(* Let $n\in\mathbb{N}$ and let $g$ be a nonzero real number. Let $\mathcal{C}=\{q\in\mathbb{R}^n \mid q_1>\dots>q_n\}$ and, for $q\in\mathcal{C}$, $p\in\mathbb{R}^n$, define the $n\times n$ matrices $$Q_{jk}=q_j\delta_{jk},\qquad L_{jk}=p_j\delta_{jk}+\mathrm{i} g\,\frac{1-\delta_{jk}}{q_j-q_k},\qquad j,k=1,\dots,n.$$ Let $A(z)=\det(z\mathbf{1}_n-L)$ and $D(z)=\operatorname{tr}\big(Q\operatorname{adj}(z\mathbf{1}_n-L)\big)$, where $\operatorname{adj}$ denotes the adjugate matrix. Let $\lambda_1>\dots>\lambda_n$ be the eigenvalues of the Hermitian matrix $L$, and let $\phi_1,\dots,\phi_n$ be the angle variables of the rational Calogero--Moser system, i.e. $\phi_k=(UQU^\dagger)_{kk}$ for a unitary matrix $U$ with $ULU^\dagger=\operatorname{diag}(\lambda_1,\dots,\lambda_n)$ (for the Calogero--Moser point $(q,p)$ such $U$ can be chosen so that $UQU^\dagger$ has entries $\phi_j\delta_{jk}-\mathrm{i} g\frac{1-\delta_{jk}}{\lambda_j-\lambda_k}$). Then for every $(q,p)\in\mathcal{C}\times\mathbb{R}^n$ and every $k=1,\dots,n$, $$\mu_k:=\frac{D(\lambda_k)}{A'(\lambda_k)}=\phi_k .$$
   Context: This concerns the rational Calogero--Moser system with Hamiltonian $H=\frac12\sum_j p_j^2+g^2\sum_{j<k}(q_j-q_k)^{-2}$ on the phase space $T^*\mathcal{C}=\{(q,p)\mid q\in\mathcal{C},p\in\mathbb{R}^n\}$ with symplectic form $\sum_j dq_j\wedge dp_j$. The system arises by Hamiltonian reduction of pairs of Hermitian matrices $(X,P)$ with symplectic form $\operatorname{tr}(dX\wedge dP)$ under the conjugation action of $U(n)$ at the moment map value $[X,P]=\mathrm{i} g(vv^\dagger-\mathbf{1}_n)$, $v=(1,\dots,1)^\dagger$; gauge-fixing $X$ diagonal gives $(Q,L)$ above, while gauge-fixing $P$ diagonal gives the pair $\tilde L=\operatorname{diag}(\lambda)$, $\tilde Q_{jk}=\phi_j\delta_{jk}-\mathrm{i} g\frac{1-\delta_{jk}}{\lambda_j-\lambda_k}$, and $(q,p)\mapsto(\phi,\lambda)$ is a canonical transformation (action-angle variables) with $\sum_j d\phi_j\wedge d\lambda_j$ the transformed symplectic form. *)

theory Defs
  imports Complex_Main "Jordan_Normal_Form.Determinant" "Jordan_Normal_Form.Char_Poly"
begin
(* Let receiver $1$ belong to session $h$, and suppose session $h$'s packets are delivered by a static channel allocation or by a genie-aided dynamic channel allocation without merging, so that receiver 1 can successfully receive at most one packet of session $h$ per time slot. Then the decay rate of its delay violation probability satisfies $$\limsup_{k\to\infty}\Big(-\frac1k\log\mathbb{P}(D_1\ge k)\Big)\le\sup\Big\{\theta>0:\log\mathbb{E}\big[e^{\theta a_h[t]}\big]<\theta\Big\}.$$ In particular this upper bound depends only on the distribution of $a_h[t]$ and not on the number of channels $m$, and it is finite whenever $\mathbb{P}(a_h[t]>1)>0$.
   Context: Time is slotted. Packets of session $h$ arrive at the transmitter in amounts $a_h[t]\in\{0,1,2,\dots\}$ per slot, i.i.d. across slots with mean $\lambda<1$. A packet of session $h$ is considered decoded by receiver 1 only when it and all packets of session $h$ with smaller index have been decoded; the delay of a packet is the number of slots from its arrival until it is decoded. $\mathbb{P}(D_1\ge k)$ denotes the almost-sure long-run fraction, among all arriving packets of session $h$, of those whose delay at receiver 1 is at least $k$. In a static channel allocation each session is served on a fixed channel; in the genie-aided dynamic allocation channels may be reassigned among sessions each slot using full channel knowledge, but (without merging of sessions) each receiver still receives at most one packet of its session per slot. *)

theory Defs
  imports "HOL-Probability.Probability"
begin
text \<open>Lower semicontinuity of the maximal function in the interior of \<open>\<Omega>\<close>: the cube average above
  \<open>t\<close> is already witnessed by an inner subcube, and every nearby point lies in a slightly
  shrunken copy of the cube that still contains this subcube.\<close>
lemma maxfun_gt_on_ball:
  fixes \<Omega> :: "'a::euclidean_space set" and g :: "'a \<Rightarrow> real"
  assumes \<Omega>: "\<Omega> = UNIV \<or> is_cube \<Omega>" and g: "g \<in> borel_measurable (restrict_space lebesgue \<Omega>)"
    and x: "x \<in> interior \<Omega>" and t: "t < maxfun \<Omega> g x"
  obtains \<epsilon> where "\<epsilon> > 0" "\<And>y. y \<in> ball x \<epsilon> \<Longrightarrow> t < maxfun \<Omega> g y"
proof -
  obtain Q where Q: "is_cube Q" "Q \<subseteq> \<Omega>" "x \<in> Q"
    and tQ: "t < (\<integral>\<^sup>+ y\<in>Q. ennreal \<bar>g y\<bar> \<partial>lebesgue) / emeasure lebesgue Q"
    using t unfolding maxfun_def less_SUP_iff by blast
  obtain a l where al: "l > 0" "Q = cbox a (a + l *\<^sub>R One)" using Q(1) unfolding is_cube_def by auto
  define G where "G y = ennreal \<bar>indicator \<Omega> y * g y\<bar>" for y
  have G: "G \<in> borel_measurable lebesgue"
    unfolding G_def using borel_measurable_indicator_mult[OF domain_sets_lebesgue[OF \<Omega>] g] by measurable
  have int_G: "(\<integral>\<^sup>+ y\<in>S. ennreal \<bar>g y\<bar> \<partial>lebesgue) = (\<integral>\<^sup>+ y\<in>S. G y \<partial>lebesgue)" if "S \<subseteq> \<Omega>" for S
    using set_nn_integral_indicator_mult[OF that, of lebesgue abs g] by (simp add: G_def)
  have "t * emeasure lebesgue Q < (\<integral>\<^sup>+ y\<in>Q. G y \<partial>lebesgue)"
    using tQ int_G[OF Q(2)] is_cube_emeasure[OF Q(1)] by (simp add: divide_le_iff_ennreal flip: not_le)
  then obtain n where n: "t * emeasure lebesgue Q <
      (\<integral>\<^sup>+ y \<in> cbox (a + (l / (real n + 2)) *\<^sub>R One) (a + (l - l / (real n + 2)) *\<^sub>R One). G y \<partial>lebesgue)"
    unfolding al(2) SUP_set_nn_integral_inner_cubes[OF G al(1), of a, symmetric] less_SUP_iff by blast
  define \<delta> where "\<delta> = l / (real n + 2)"
  have \<delta>: "0 < \<delta>" "\<delta> \<le> l" using al(1) by (auto simp: \<delta>_def field_simps)
  obtain \<rho> where \<rho>: "\<rho> > 0" "ball x \<rho> \<subseteq> \<Omega>"
    using x by (meson interior_subset open_contains_ball open_interior subset_trans)
  show ?thesis
  proof
    show "min (\<delta>/2) (\<delta> * \<rho> / (2*l)) > 0" using \<delta> \<rho> al by simp
    fix y assume "y \<in> ball x (min (\<delta>/2) (\<delta> * \<rho> / (2*l)))"
    then obtain Q' where Q': "is_cube Q'" "Q' \<subseteq> \<Omega>" "y \<in> Q'"
      "cbox (a + \<delta> *\<^sub>R One) (a + (l - \<delta>) *\<^sub>R One) \<subseteq> Q'" "emeasure lebesgue Q' \<le> emeasure lebesgue Q"
      using shrunken_cube_through[OF domain_convex[OF \<Omega>] _ _ \<rho>(2) \<delta>] Q al(2) by auto
    have "t * emeasure lebesgue Q' \<le> t * emeasure lebesgue Q" using Q'(5) by (rule mult_left_mono) simp
    also have "\<dots> < (\<integral>\<^sup>+ y \<in> cbox (a + \<delta> *\<^sub>R One) (a + (l - \<delta>) *\<^sub>R One). G y \<partial>lebesgue)"
      using n by (simp add: \<delta>_def)
    also have "\<dots> \<le> (\<integral>\<^sup>+ y\<in>Q'. G y \<partial>lebesgue)"
      using Q'(4) by (intro nn_integral_mono) (auto simp: indicator_def)
    finally have "t < (\<integral>\<^sup>+ y\<in>Q'. ennreal \<bar>g y\<bar> \<partial>lebesgue) / emeasure lebesgue Q'"
      using int_G[OF Q'(2)] is_cube_emeasure[OF Q'(1)] by (simp add: divide_le_iff_ennreal flip: not_le)
    also have "\<dots> \<le> maxfun \<Omega> g y" using Q'(1-3) by (rule cube_average_le_maxfun)
    finally show "t < maxfun \<Omega> g y" .
  qed
qed

lemma borel_measurable_enn2real_maxfun:
  fixes \<Omega> :: "'a::euclidean_space set" and g :: "'a \<Rightarrow> real"
  assumes \<Omega>: "\<Omega> = UNIV \<or> is_cube \<Omega>" and g: "g \<in> borel_measurable (restrict_space lebesgue \<Omega>)"
  shows "(\<lambda>x. enn2real (maxfun \<Omega> g x)) \<in> borel_measurable (restrict_space lebesgue \<Omega>)"
proof -
  define G where "G x = (if x \<in> interior \<Omega> then maxfun \<Omega> g x else 0)" for x
  have "G \<in> borel_measurable borel"
  proof (rule borel_measurableI_greater)
    fix t :: ennreal
    have "open {x \<in> interior \<Omega>. t < maxfun \<Omega> g x}"
      unfolding open_contains_ball
    proof
      fix x assume x: "x \<in> {x \<in> interior \<Omega>. t < maxfun \<Omega> g x}"
      obtain \<epsilon> where \<epsilon>: "\<epsilon> > 0" "\<And>y. y \<in> ball x \<epsilon> \<Longrightarrow> t < maxfun \<Omega> g y"
        using maxfun_gt_on_ball[OF \<Omega> g, of x t] x by blast
      obtain \<rho> where \<rho>: "\<rho> > 0" "ball x \<rho> \<subseteq> interior \<Omega>"
        using x open_interior open_contains_ball by blast
      show "\<exists>e>0. ball x e \<subseteq> {x \<in> interior \<Omega>. t < maxfun \<Omega> g x}"
        using \<epsilon> \<rho> by (intro exI[of _ "min \<epsilon> \<rho>"]) auto
    qed
    moreover have "{x \<in> space borel. t < G x} = {x \<in> interior \<Omega>. t < maxfun \<Omega> g x}"
      by (auto simp: G_def)
    ultimately show "{x \<in> space borel. t < G x} \<in> sets borel" by simp
  qed
  then have "(\<lambda>x. enn2real (G x)) \<in> borel_measurable lebesgue"
    by (intro borel_measurable_enn2real measurable_completion) simp
  moreover have "AE x in lebesgue. x \<notin> \<Omega> - interior \<Omega>"
    using domain_negligible_boundary[OF \<Omega>] by (intro AE_not_in) (simp add: negligible_iff_null_sets)
  then have "AE x in lebesgue. enn2real (G x) = indicator \<Omega> x *\<^sub>R enn2real (maxfun \<Omega> g x)"
    by eventually_elim (use interior_subset in \<open>auto simp: G_def indicator_def\<close>)
  ultimately have "(\<lambda>x. indicator \<Omega> x *\<^sub>R enn2real (maxfun \<Omega> g x)) \<in> borel_measurable lebesgue"
    by (rule borel_measurable_AE)
  then show ?thesis
    using borel_measurable_restrict_space_iff[of \<Omega> lebesgue "\<lambda>x. enn2real (maxfun \<Omega> g x)"]
      domain_sets_lebesgue[OF \<Omega>] by simp
qed

lemma MA1_iff_abs_powr:
  assumes "f \<in> borel_measurable (restrict_space lebesgue \<Omega>)"
  shows "MA1 r \<Omega> f \<longleftrightarrow> MA1 1 \<Omega> (\<lambda>x. \<bar>f x\<bar> powr r)"
  using assms unfolding MA1_def by auto

lemma MA1_imp_MA1_ext_maxfun:
  fixes \<Omega> :: "'a::euclidean_space set" and g :: "'a \<Rightarrow> real"
  assumes \<Omega>: "\<Omega> = UNIV \<or> is_cube \<Omega>" and g: "MA1 1 \<Omega> g"
  shows "MA1_ext 1 \<Omega> (maxfun \<Omega> g)"
proof -
  obtain w where w: "w \<in> A1 \<Omega>" and gw: "AE x in lebesgue. x \<in> \<Omega> \<longrightarrow> \<bar>g x\<bar> \<le> w x"
    using g unfolding MA1_def by auto
  obtain C :: real where C: "AE x in lebesgue. x \<in> \<Omega> \<longrightarrow> maxfun \<Omega> w x \<le> ennreal C * ennreal (w x)"
    using w unfolding A1_def by auto
  have pos: "AE x in lebesgue. x \<in> \<Omega> \<longrightarrow> w x > 0" using w unfolding A1_def weight_def by auto
  define c where "c = max C 1"
  have c: "c > 0" "C \<le> c" by (auto simp: c_def)
  have gw': "AE y in lebesgue. y \<in> \<Omega> \<longrightarrow> \<bar>g y\<bar> \<le> \<bar>w y\<bar>"
    using gw by eventually_elim auto
  have bound: "AE x in lebesgue. x \<in> \<Omega> \<longrightarrow> maxfun \<Omega> g x \<le> ennreal (c * w x)"
    using C pos
  proof eventually_elim
    case (elim x)
    show ?case
    proof
      assume x: "x \<in> \<Omega>"
      have "maxfun \<Omega> g x \<le> maxfun \<Omega> w x" using gw' by (rule maxfun_mono_AE)
      also have "\<dots> \<le> ennreal C * ennreal (w x)" using elim x by auto
      also have "\<dots> \<le> ennreal c * ennreal (w x)" using c by (intro mult_right_mono ennreal_leI) auto
      also have "\<dots> = ennreal (c * w x)" using c elim x by (simp add: ennreal_mult)
      finally show "maxfun \<Omega> g x \<le> ennreal (c * w x)" .
    qed
  qed
  show ?thesis unfolding MA1_ext_def MA1_def
  proof (intro conjI bexI[of _ "\<lambda>x. c * w x"])
    show "AE x in lebesgue. x \<in> \<Omega> \<longrightarrow> maxfun \<Omega> g x < \<infinity>"
      using bound by eventually_elim (auto intro: le_less_trans)
    show "(\<lambda>x. enn2real (maxfun \<Omega> g x)) \<in> borel_measurable (restrict_space lebesgue \<Omega>)"
      using \<Omega> g unfolding MA1_def by (blast intro: borel_measurable_enn2real_maxfun)
    show "(\<lambda>x. c * w x) \<in> A1 \<Omega>" using w c(1) by (rule A1_cmult)
    show "AE x in lebesgue. x \<in> \<Omega> \<longrightarrow> \<bar>enn2real (maxfun \<Omega> g x)\<bar> powr 1 \<le> c * w x"
      using bound pos by eventually_elim (use c in \<open>auto intro!: enn2real_leI\<close>)
  qed
qed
════════
• _What needs to be done_
Only lines with the string "denotes" are wanted; please find each one in the listing and copy it.

• _Solved problem_
(* Let $n\in\mathbb{N}$ and let $g$ be a nonzero real number. Let $\mathcal{C}=\{q\in\mathbb{R}^n \mid q_1>\dots>q_n\}$ and, for $q\in\mathcal{C}$, $p\in\mathbb{R}^n$, define the $n\times n$ matrices $$Q_{jk}=q_j\delta_{jk},\qquad L_{jk}=p_j\delta_{jk}+\mathrm{i} g\,\frac{1-\delta_{jk}}{q_j-q_k},\qquad j,k=1,\dots,n.$$ Let $A(z)=\det(z\mathbf{1}_n-L)$ and $D(z)=\operatorname{tr}\big(Q\operatorname{adj}(z\mathbf{1}_n-L)\big)$, where $\operatorname{adj}$ denotes the adjugate matrix. Let $\lambda_1>\dots>\lambda_n$ be the eigenvalues of the Hermitian matrix $L$, and let $\phi_1,\dots,\phi_n$ be the angle variables of the rational Calogero--Moser system, i.e. $\phi_k=(UQU^\dagger)_{kk}$ for a unitary matrix $U$ with $ULU^\dagger=\operatorname{diag}(\lambda_1,\dots,\lambda_n)$ (for the Calogero--Moser point $(q,p)$ such $U$ can be chosen so that $UQU^\dagger$ has entries $\phi_j\delta_{jk}-\mathrm{i} g\frac{1-\delta_{jk}}{\lambda_j-\lambda_k}$). Then for every $(q,p)\in\mathcal{C}\times\mathbb{R}^n$ and every $k=1,\dots,n$, $$\mu_k:=\frac{D(\lambda_k)}{A'(\lambda_k)}=\phi_k .$$
   Context: Time is slotted. Packets of session $h$ arrive at the transmitter in amounts $a_h[t]\in\{0,1,2,\dots\}$ per slot, i.i.d. across slots with mean $\lambda<1$. A packet of session $h$ is considered decoded by receiver 1 only when it and all packets of session $h$ with smaller index have been decoded; the delay of a packet is the number of slots from its arrival until it is decoded. $\mathbb{P}(D_1\ge k)$ denotes the almost-sure long-run fraction, among all arriving packets of session $h$, of those whose delay at receiver 1 is at least $k$. In a static channel allocation each session is served on a fixed channel; in the genie-aided dynamic allocation channels may be reassigned among sessions each slot using full channel knowledge, but (without merging of sessions) each receiver still receives at most one packet of its session per slot. *)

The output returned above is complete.